Now on the one hand - depending on the algorithm - if you feed your algorithm with one of the remaining repetitions, it may give you some certainty estimate which may be used to characterize the recognition of just one of the repetitions. On the other hand you may use all of the remaining repetitions to test the learned algorithm. For each of the repetitions you pass it to the algorithm and compare the expected output with the actual output. After all you'll have an accuracy value for the learned algorithm calculated as the quotient of correct and total classifications.
Anyway, the actual accuracy will depend on the quality of your learning and test data.

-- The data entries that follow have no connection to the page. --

lemma sum_less_sum_of_card_excess:
  fixes D P Q :: "nat set"
  assumes fin: "finite D" "finite P" "finite Q"
    and card: "card P = card Q + card D" and nonempty: "D \<noteq> {}"
    and D_le: "\<forall>x\<in>D. x \<le> a" and Q_le: "\<forall>x\<in>Q. x \<le> b + c" and PQ_ge: "\<forall>x\<in>P - Q. b \<le> x"
    and QP: "card (Q - P) \<le> R" and big: "a + R * c < b"
  shows "\<Sum>D + \<Sum>Q < \<Sum>P"
proof -
  define k r where "k = card D" and "r = card (Q - P)"
  have "1 \<le> k"
    using fin(1) nonempty by (simp add: k_def Suc_le_eq card_gt_0_iff)
  have card_PQ: "card (P - Q) = r + k"
    using card card_Int_Diff[OF fin(2), of Q] card_Int_Diff[OF fin(3), of P]
    by (simp add: k_def r_def Int_commute)
  have "\<Sum>D \<le> k * a"
    using sum_bounded_above[of D id a] D_le by (simp add: k_def)
  moreover have "\<Sum>(Q - P) \<le> r * b + r * c"
    using sum_bounded_above[of "Q - P" id "b + c"] Q_le by (simp add: r_def algebra_simps)
  moreover have "r * b + k * b \<le> \<Sum>(P - Q)"
    using sum_bounded_below[of "P - Q" b id] PQ_ge card_PQ by (simp add: algebra_simps)
  moreover have "k * a + r * c < k * b"
  proof -
    have "r * c \<le> R * c"
      using QP by (simp add: r_def mult_le_mono1)
    also have "\<dots> \<le> k * (R * c)"
      using \<open>1 \<le> k\<close> by simp
    finally have "r * c \<le> k * (R * c)" .
    moreover have "k * (a + R * c) < k * b"
      using big \<open>1 \<le> k\<close> by simp
    ultimately show ?thesis
      using add_mult_distrib2[of k a "R * c"] by linarith
  qed
  moreover have "\<Sum>P = \<Sum>(P \<inter> Q) + \<Sum>(P - Q)" "\<Sum>Q = \<Sum>(P \<inter> Q) + \<Sum>(Q - P)"
    using sum.Int_Diff[OF fin(2), of id Q] sum.Int_Diff[OF fin(3), of id P]
    by (simp_all add: Int_commute)
  ultimately show ?thesis
    by linarith
qed
lemma card_gaps_in_class_diff_le:
  assumes S: "hyperelliptic3 \<gamma> S" and T: "hyperelliptic3 \<gamma> T" and j: "j < 3"
    and less: "card (gaps_in_class S j) < card (gaps_in_class T j)"
  shows "card (gaps_in_class S j - gaps_in_class T j) \<le> 24 * \<gamma>\<^sup>2 + 2"
proof -
  have nsS: "numerical_semigroup S" and nsT: "numerical_semigroup T"
    using S T by (simp_all add: hyperelliptic3_imp_numerical_semigroup)
  define m mT where "m = least_in_class S j" and "mT = least_in_class T j"
  have m: "m \<in> S" "m mod 3 = j" and mT: "mT \<in> T" "mT mod 3 = j"
    using least_in_class_mem nsS nsT j by (simp_all add: m_def mT_def)
  have "m div 3 < (mT + 12 * \<gamma>\<^sup>2) div 3 + 1"
    using card_gaps_in_class_ge[OF nsS j] card_gaps_in_class_le[OF T mT(1)] less
    by (simp add: m_def mT)
  then have m_le: "m \<le> mT + 12 * \<gamma>\<^sup>2 + 2"
    by linarith
  have "gaps_in_class S j - gaps_in_class T j \<subseteq> {mT..<m + 12 * \<gamma>\<^sup>2}"
  proof
    fix n assume n: "n \<in> gaps_in_class S j - gaps_in_class T j"
    then have "mT \<le> n"
      using least_in_class_le[of n T] unfolding gaps_in_class_def mT_def by auto
    moreover have "n < m + 12 * \<gamma>\<^sup>2"
      using gaps_in_class_less[OF S m(1)] n m(2) by blast
    ultimately show "n \<in> {mT..<m + 12 * \<gamma>\<^sup>2}"
      by simp
  qed
  then have "card (gaps_in_class S j - gaps_in_class T j) \<le> m + 12 * \<gamma>\<^sup>2 - mT"
    using card_mono[of "{mT..<m + 12 * \<gamma>\<^sup>2}"] by simp
  then show ?thesis
    using m_le by linarith
qed

lemma triple_genus_le_least_in_class:
  assumes S: "hyperelliptic3 \<gamma> S" and a: "a \<in> S" "a mod 3 \<in> {1, 2}"
  shows "3 * genus S \<le> a + least_in_class S (3 - a mod 3) + 36 * \<gamma>\<^sup>2 + 9"
proof -
  have ns: "numerical_semigroup S"
    using S by (rule hyperelliptic3_imp_numerical_semigroup)
  define m where "m = least_in_class S (3 - a mod 3)"
  have m: "m \<in> S" "m mod 3 = 3 - a mod 3"
    using least_in_class_mem[OF ns, of "3 - a mod 3"] a(2) by (auto simp: m_def)
  let ?c = "\<lambda>r. card (gaps_in_class S r)"
  have "genus S = ?c 0 + ?c (a mod 3) + ?c (3 - a mod 3)"
    by (rule genus_eq_card_gaps_in_class[OF ns a(2)])
  moreover have "?c 0 \<le> 4 * \<gamma>\<^sup>2 + 1"
    using card_gaps_in_class_le[OF S numerical_semigroup_zero[OF ns]] by simp
  moreover have "?c (a mod 3) \<le> (a + 12 * \<gamma>\<^sup>2) div 3 + 1"
    using card_gaps_in_class_le[OF S a(1)] .
  moreover have "?c (3 - a mod 3) \<le> (m + 12 * \<gamma>\<^sup>2) div 3 + 1"
    using card_gaps_in_class_le[OF S m(1)] by (simp add: m(2))
  ultimately show ?thesis
    unfolding m_def[symmetric] by linarith
qed

lemma card_gaps_in_class_exchange:
  assumes S: "numerical_semigroup S" and T: "numerical_semigroup T" and genus: "genus S = genus T"
    and class0: "gaps_in_class S 0 = gaps_in_class T 0" and i: "i \<in> {1, 2}"
    and sub: "gaps_in_class T i \<subseteq> gaps_in_class S i"
  shows "card (gaps_in_class T (3 - i))
    = card (gaps_in_class S (3 - i)) + card (gaps_in_class S i - gaps_in_class T i)"
proof -
  have "card (gaps_in_class S i - gaps_in_class T i)
      = card (gaps_in_class S i) - card (gaps_in_class T i)"
    "card (gaps_in_class T i) \<le> card (gaps_in_class S i)"
    using card_Diff_subset[OF finite_gaps_in_class[OF T] sub]
      card_mono[OF finite_gaps_in_class[OF S] sub] by simp_all
  then show ?thesis
    using genus genus_eq_card_gaps_in_class[OF S i] genus_eq_card_gaps_in_class[OF T i]
      arg_cong[OF class0, of card] by linarith
qed

lemma sum_gaps_less_of_gaps_in_class_psubset:
  assumes S: "hyperelliptic3 \<gamma> S" and T: "hyperelliptic3 \<gamma> T" and genus: "genus S = genus T"
    and class0: "gaps_in_class S 0 = gaps_in_class T 0"
    and a: "a \<in> S" "a mod 3 \<in> {1, 2}"
    and psub: "gaps_in_class T (a mod 3) \<subset> gaps_in_class S (a mod 3)"
    and big: "a + 12 * \<gamma>\<^sup>2 + (24 * \<gamma>\<^sup>2 + 2) * (12 * \<gamma>\<^sup>2) < least_in_class S (3 - a mod 3)"
  shows "\<Sum>(UNIV - S) < \<Sum>(UNIV - T)"
proof -
  have nsS: "numerical_semigroup S" and nsT: "numerical_semigroup T"
    using S T by (simp_all add: hyperelliptic3_imp_numerical_semigroup)
  define i j where "i = a mod 3" and "j = 3 - a mod 3"
  define D P Q where "D = gaps_in_class S i - gaps_in_class T i"
    and "P = gaps_in_class T j" and "Q = gaps_in_class S j"
  have j: "j < 3"
    using a(2) by (auto simp: j_def)
  define m where "m = least_in_class S j"
  have m: "m \<in> S" "m mod 3 = j"
    using least_in_class_mem[OF nsS j] by (simp_all add: m_def)
  have fin: "finite D" "finite P" "finite Q"
    using finite_gaps_in_class nsS nsT by (simp_all add: D_def P_def Q_def)
  have sub: "gaps_in_class T i \<subseteq> gaps_in_class S i"
    using psub by (simp add: i_def)
  have card: "card P = card Q + card D"
    using card_gaps_in_class_exchange[OF nsS nsT genus class0 a(2)] sub
    by (simp add: D_def P_def Q_def i_def j_def)
  have "D \<noteq> {}"
    using psub by (auto simp: D_def i_def)
  have "card (Q - P) \<le> 24 * \<gamma>\<^sup>2 + 2"
    using card_gaps_in_class_diff_le[OF S T j] card \<open>D \<noteq> {}\<close> fin(1)
    by (simp add: P_def Q_def card_gt_0_iff)
  moreover have "\<forall>x\<in>D. x \<le> a + 12 * \<gamma>\<^sup>2" "\<forall>x\<in>Q. x \<le> m + 12 * \<gamma>\<^sup>2"
    using gaps_in_class_less[OF S a(1)] gaps_in_class_less[OF S m(1)]
    by (fastforce simp: D_def Q_def i_def m(2))+
  moreover have "\<forall>x\<in>P - Q. m \<le> x"
    using least_in_class_le[of _ S] by (auto simp: P_def Q_def gaps_in_class_def m_def)
  ultimately have "\<Sum>D + \<Sum>Q < \<Sum>P"
    using sum_less_sum_of_card_excess[OF fin card \<open>D \<noteq> {}\<close>] big by (simp add: m_def j_def)
  moreover have "\<Sum>(gaps_in_class S i) = \<Sum>D + \<Sum>(gaps_in_class T i)"
    using sum.subset_diff[OF sub finite_gaps_in_class[OF nsS]] by (simp add: D_def)
  moreover have "\<Sum>(UNIV - S) = \<Sum>(gaps_in_class S 0) + \<Sum>(gaps_in_class S i) + \<Sum>Q"
    "\<Sum>(UNIV - T) = \<Sum>(gaps_in_class T 0) + \<Sum>(gaps_in_class T i) + \<Sum>P"
    using sum_gaps_by_class[OF nsS a(2), of "\<lambda>n. n"] sum_gaps_by_class[OF nsT a(2), of "\<lambda>n. n"]
    by (simp_all add: P_def Q_def i_def j_def)
  ultimately show ?thesis
    using arg_cong[OF class0, of "\<lambda>A. \<Sum>A"] by linarith
qed

lemma gaps_in_class_psubset_of_Spart_psubset:
  assumes S: "numerical_semigroup S" and T: "numerical_semigroup T"
    and genus: "genus S = genus T" and psub: "Spart S r \<subset> Spart T r"
  shows "gaps_in_class T r \<subset> gaps_in_class S r"
proof -
  have "Spart T r \<subseteq> {n \<in> {1..2 * genus T}. n mod 3 = r}"
    unfolding Spart_def Sstar_def by auto
  with psub show ?thesis
    unfolding gaps_in_class_eq_Spart[OF S] gaps_in_class_eq_Spart[OF T] genus by blast
qed
lemma KZ_mult: "x \<in> KZ \<Longrightarrow> y \<in> KZ \<Longrightarrow> m2_mult x y \<in> KZ"
  unfolding KZ_def using smult_uniformizer_powi_mult Kmax_mult by blast

lemma m2_inv_smult_uniformizer_powi:
  "h \<in> GL2 \<Longrightarrow> m2_inv (m2_smult (vpi powi n) h) = m2_smult (vpi powi (-n)) (m2_inv h)"
  using m2_inv_smult[OF uniformizer_powi_nonzero] by (simp add: power_int_minus)

lemma IZ_inv: "x \<in> IZ v vpi \<Longrightarrow> m2_inv x \<in> IZ v vpi"
proof -
  assume "x \<in> IZ v vpi"
  then obtain n h where "x = m2_smult (vpi powi n) h" "h \<in> Iwahori v"
    unfolding IZ_def by blast
  then show ?thesis
    unfolding IZ_def using Iwahori_inv
      m2_inv_smult_uniformizer_powi[OF Kmax_imp_GL2[OF Iwahori_imp_Kmax]] by blast
qed

lemma KZ_inv: "x \<in> KZ \<Longrightarrow> m2_inv x \<in> KZ"
proof -
  assume "x \<in> KZ"
  then obtain n h where "x = m2_smult (vpi powi n) h" "h \<in> Kmax v"
    unfolding KZ_def by blast
  then show ?thesis
    unfolding KZ_def using Kmax_inv m2_inv_smult_uniformizer_powi[OF Kmax_imp_GL2] by blast
qed

lemma scalar_IZ: "m2_smult (vpi powi n) m2_one \<in> IZ v vpi"
  unfolding IZ_def using m2_one_Iwahori by blast

lemma m2_one_IZ: "m2_one \<in> IZ v vpi"
  using scalar_IZ[of 0] by simp

lemma Kmax_KZ: "x \<in> Kmax v \<Longrightarrow> x \<in> KZ"
  unfolding KZ_def by (auto intro!: exI[of _ 0])

lemma IZ_KZ: "x \<in> IZ v vpi \<Longrightarrow> x \<in> KZ"
  unfolding IZ_def KZ_def using Iwahori_imp_Kmax by blast

lemma KZ_GL2: "x \<in> KZ \<Longrightarrow> x \<in> GL2"
  unfolding KZ_def using Kmax_imp_GL2 by (auto simp: GL2_def m2_det_smult uniformizer_nonzero)

lemma IZ_GL2: "x \<in> IZ v vpi \<Longrightarrow> x \<in> GL2"
  using IZ_KZ KZ_GL2 by blast

lemma IZ_left_cancel: "h \<in> IZ v vpi \<Longrightarrow> m2_mult h x \<in> IZ v vpi \<Longrightarrow> x \<in> IZ v vpi"
  using IZ_mult[OF IZ_inv] m2_mult_left_cancel[OF IZ_GL2, of h x] by metis
(* Let $\Theta$ be a finite simple oriented graph with simple cycles $C_1,\ldots,C_k$ ($k\geq 1$) which contains no two different cycles connected by an oriented path, and fix on the free monoid $F$ on $V(\Theta)$ the deg-lex order induced by a vertex order as described in the context. Let $u,v,w\in F$ with $\operatorname{supp}(u),\operatorname{supp}(w)\subseteq V(C_n)$ for some cycle $C_n$, and suppose every word in the family $u^*vw^*=\{u^avw^b: a,b\geq 0\}$ is reduced. Then either $v$ contains a vertex connected by an edge with $C_n$, or this family of words can be expressed as a finite union of sets of the form $pr^*q=\{pr^cq:c\geq0\}$ or $\{p\}$, for some words $p,q,r\in F$.
   Context: $\mathrm{HK}_\Theta$: generated by vertices $x$ with $x^2=x$; $xy=yx$ if $x,y$ not joined by an edge; $xyx=yxy=xy$ if $x\to y$. The support $\operatorname{supp}(w)$ is the set of letters occurring in $w$. Maximal cycle-reachable subgraph $\Theta'$: full subgraph on all cycle vertices and all vertices joined to some cycle by an oriented path. For a non-cycle vertex $x$ of $\Theta'$, all oriented paths between $x$ and cycles go in the same direction; $k_x$ is the number of oriented paths of length $\geq0$ in $\Theta$ ending at $x$ (if paths go from $x$ into cycles) or beginning at $x$ (if paths go from cycles to $x$). Vertex order: write $C_j$ as $x_{1,j}\to\cdots\to x_{n(j),j}\to x_{1,j}$; on cycle vertices $x_{i,j}<x_{l,m}$ iff $j<m$, or $j=m$ and $i<l$; all cycle vertices are smaller than all non-cycle vertices; on non-cycle vertices of $\Theta'$ any order with $k_x<k_y\Rightarrow y<x$; vertices outside $\Theta'$ ordered arbitrarily (e.g. larger than those of $\Theta'$). Reduced word: with $w\nrightarrow t$ meaning $t\notin\operatorname{supp}(w)$ and no $x\in\operatorname{supp}(w)$ has $x\to t$, $t\nrightarrow w$ meaning $t\notin\operatorname{supp}(w)$ and no $y\in\operatorname{supp}(w)$ has $t\to y$, and $t\nleftrightarrow w$ meaning both, a word is reduced if it has no factor $twt$ with $w\nrightarrow t$ or with $t\nrightarrow w$, and no factor $t_1wt_2$ with $t_1>t_2$ and $t_2\nleftrightarrow t_1w$. *)

theory Defs
  imports Main
begin

definition oriented_simple_graph :: "'v set \<Rightarrow> ('v \<Rightarrow> 'v \<Rightarrow> bool) \<Rightarrow> bool" where
  "oriented_simple_graph V E \<longleftrightarrow> finite V \<and> (\<forall>x y. E x y \<longrightarrow> x \<in> V \<and> y \<in> V)
     \<and> (\<forall>x. \<not> E x x) \<and> (\<forall>x y. E x y \<longrightarrow> \<not> E y x)"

A good start to read on would be Pattern Recognition and Machine Learning by Christopher M Bishop
There are various metrics for evaluating the performance of ML model and there is no rule that there are 20 or 30 metrics only. You can create your own metrics depending on your problem. There are various cases wherein when you are solving real - world problem where you would need to create your own custom metrics.
Coming to the existing ones, it is already listed in the first answer, I would just highlight each metrics merits and demerits to better have an understanding.
Accuracy is the simplest of the metric and it is commonly used. It is the number of points to class 1/ total number of points in your dataset. This is for 2 class problem where some points belong to class 1 and some to belong to class 2. It is not preferred when the dataset is imbalanced because it is biased to balanced one and it is not that much interpretable.
Log loss is a metric that helps to achieve probability scores that gives you better understanding why a specific point is belonging to class 1. The best part of this metric is that it is inbuild in logistic regression which is famous ML technique.
Confusion metric is best used for 2-class classification problem which gives four numbers and the diagonal numbers helps to get an idea of how good is your model.Through this metric there are others such as precision, recall and f1-score which are interpretable.